### THE PROBLEM
Your result should be the lines holding the word "open", copied from the entries below.

### EXERCISE INPUT
· · · ·
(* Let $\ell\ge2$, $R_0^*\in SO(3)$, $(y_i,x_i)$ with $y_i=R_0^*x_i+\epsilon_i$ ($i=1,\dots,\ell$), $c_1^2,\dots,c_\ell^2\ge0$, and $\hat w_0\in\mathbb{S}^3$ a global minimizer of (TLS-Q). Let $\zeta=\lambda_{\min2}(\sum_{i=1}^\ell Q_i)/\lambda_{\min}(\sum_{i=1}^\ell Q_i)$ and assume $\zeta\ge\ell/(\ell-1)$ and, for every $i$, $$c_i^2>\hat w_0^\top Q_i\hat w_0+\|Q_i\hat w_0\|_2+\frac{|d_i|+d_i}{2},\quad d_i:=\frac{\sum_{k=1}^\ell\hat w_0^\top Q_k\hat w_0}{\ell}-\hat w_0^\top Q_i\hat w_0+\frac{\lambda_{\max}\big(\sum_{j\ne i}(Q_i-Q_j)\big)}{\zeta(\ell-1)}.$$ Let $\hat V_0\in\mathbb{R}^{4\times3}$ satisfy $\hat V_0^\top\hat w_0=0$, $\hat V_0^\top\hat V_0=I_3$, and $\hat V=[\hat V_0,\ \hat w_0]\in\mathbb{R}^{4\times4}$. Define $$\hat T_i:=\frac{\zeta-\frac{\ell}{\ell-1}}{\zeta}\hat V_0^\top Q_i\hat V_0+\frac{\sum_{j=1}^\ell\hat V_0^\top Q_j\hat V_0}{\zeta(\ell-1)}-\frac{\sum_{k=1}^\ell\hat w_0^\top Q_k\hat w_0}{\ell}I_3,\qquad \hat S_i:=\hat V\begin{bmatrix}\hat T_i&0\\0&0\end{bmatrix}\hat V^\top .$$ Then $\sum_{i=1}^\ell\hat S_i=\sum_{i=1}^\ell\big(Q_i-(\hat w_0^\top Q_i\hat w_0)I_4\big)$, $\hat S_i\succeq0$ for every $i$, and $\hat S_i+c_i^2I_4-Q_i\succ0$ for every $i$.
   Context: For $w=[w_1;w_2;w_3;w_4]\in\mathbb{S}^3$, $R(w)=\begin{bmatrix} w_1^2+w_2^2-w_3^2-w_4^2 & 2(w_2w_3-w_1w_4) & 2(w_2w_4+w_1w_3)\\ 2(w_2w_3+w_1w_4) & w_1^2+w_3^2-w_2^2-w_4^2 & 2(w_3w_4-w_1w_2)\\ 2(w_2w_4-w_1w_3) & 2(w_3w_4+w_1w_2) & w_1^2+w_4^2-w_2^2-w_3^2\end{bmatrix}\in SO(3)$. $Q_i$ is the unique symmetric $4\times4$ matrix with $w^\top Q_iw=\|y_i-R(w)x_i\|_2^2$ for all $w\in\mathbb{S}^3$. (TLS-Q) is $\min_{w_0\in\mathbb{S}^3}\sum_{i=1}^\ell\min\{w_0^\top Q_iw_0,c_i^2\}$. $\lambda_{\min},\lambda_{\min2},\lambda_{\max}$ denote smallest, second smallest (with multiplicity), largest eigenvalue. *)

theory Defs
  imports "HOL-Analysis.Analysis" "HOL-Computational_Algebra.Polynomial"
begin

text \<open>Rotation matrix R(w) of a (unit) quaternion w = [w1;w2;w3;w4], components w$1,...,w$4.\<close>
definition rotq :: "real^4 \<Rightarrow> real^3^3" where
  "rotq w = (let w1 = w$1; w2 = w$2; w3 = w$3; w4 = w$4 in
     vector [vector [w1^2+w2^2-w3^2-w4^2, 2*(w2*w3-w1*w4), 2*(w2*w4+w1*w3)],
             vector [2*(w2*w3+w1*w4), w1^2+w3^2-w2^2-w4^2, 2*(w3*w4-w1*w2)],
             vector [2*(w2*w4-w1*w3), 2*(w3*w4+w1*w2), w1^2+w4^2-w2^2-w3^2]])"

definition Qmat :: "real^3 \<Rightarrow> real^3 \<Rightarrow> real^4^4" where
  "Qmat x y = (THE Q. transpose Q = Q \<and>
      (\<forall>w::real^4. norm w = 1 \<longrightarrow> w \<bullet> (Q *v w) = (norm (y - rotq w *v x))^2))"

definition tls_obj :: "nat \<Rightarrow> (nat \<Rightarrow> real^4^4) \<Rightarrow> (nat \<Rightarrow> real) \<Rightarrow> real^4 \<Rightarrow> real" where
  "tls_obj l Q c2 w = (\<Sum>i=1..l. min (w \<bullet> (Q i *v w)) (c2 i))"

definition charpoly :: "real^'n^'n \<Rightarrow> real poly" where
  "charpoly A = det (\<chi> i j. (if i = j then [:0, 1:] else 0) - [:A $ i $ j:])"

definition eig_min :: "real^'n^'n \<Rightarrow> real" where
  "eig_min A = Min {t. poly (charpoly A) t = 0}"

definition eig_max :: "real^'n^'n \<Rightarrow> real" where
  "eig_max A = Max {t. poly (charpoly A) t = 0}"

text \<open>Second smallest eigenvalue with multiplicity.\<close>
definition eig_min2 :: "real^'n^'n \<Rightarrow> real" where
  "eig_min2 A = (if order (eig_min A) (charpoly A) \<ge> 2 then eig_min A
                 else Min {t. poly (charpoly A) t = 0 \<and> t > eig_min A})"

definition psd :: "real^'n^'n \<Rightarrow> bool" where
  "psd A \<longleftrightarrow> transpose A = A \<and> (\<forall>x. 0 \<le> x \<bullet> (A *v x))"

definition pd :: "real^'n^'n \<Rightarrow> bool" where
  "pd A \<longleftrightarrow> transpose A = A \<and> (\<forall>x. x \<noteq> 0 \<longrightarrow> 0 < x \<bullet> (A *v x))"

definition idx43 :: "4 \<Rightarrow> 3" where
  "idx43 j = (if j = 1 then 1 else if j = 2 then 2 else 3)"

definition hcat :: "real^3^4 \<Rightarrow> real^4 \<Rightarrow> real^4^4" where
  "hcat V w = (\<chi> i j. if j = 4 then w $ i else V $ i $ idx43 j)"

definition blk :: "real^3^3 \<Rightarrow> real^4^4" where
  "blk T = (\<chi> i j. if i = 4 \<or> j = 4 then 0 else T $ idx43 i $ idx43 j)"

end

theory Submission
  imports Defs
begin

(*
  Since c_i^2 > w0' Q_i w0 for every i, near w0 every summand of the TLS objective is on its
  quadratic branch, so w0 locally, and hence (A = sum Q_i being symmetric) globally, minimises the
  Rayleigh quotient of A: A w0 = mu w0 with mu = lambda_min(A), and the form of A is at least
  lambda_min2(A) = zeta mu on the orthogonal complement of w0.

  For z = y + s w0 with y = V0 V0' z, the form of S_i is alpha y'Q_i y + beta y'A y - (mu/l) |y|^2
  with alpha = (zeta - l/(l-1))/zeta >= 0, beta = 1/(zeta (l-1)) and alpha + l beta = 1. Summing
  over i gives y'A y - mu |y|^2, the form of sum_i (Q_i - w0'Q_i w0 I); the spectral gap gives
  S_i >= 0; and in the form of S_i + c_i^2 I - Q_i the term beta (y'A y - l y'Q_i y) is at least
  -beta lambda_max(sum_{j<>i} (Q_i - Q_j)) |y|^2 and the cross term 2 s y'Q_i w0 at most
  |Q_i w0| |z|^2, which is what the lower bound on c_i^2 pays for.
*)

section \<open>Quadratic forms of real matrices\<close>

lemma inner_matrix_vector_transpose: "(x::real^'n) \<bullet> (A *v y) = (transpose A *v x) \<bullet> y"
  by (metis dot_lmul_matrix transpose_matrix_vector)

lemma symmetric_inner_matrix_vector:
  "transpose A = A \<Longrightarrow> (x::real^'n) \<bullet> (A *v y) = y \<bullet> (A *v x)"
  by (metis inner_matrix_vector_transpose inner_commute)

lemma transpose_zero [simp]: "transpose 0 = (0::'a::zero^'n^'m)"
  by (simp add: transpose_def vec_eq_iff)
· · · ·
### EXERCISE SOLUTION
text \<open>Rotation matrix R(w) of a (unit) quaternion w = [w1;w2;w3;w4], components w$1,...,w$4.\<close>
text \<open>Second smallest eigenvalue with multiplicity.\<close>
section \<open>Quadratic forms of real matrices\<close>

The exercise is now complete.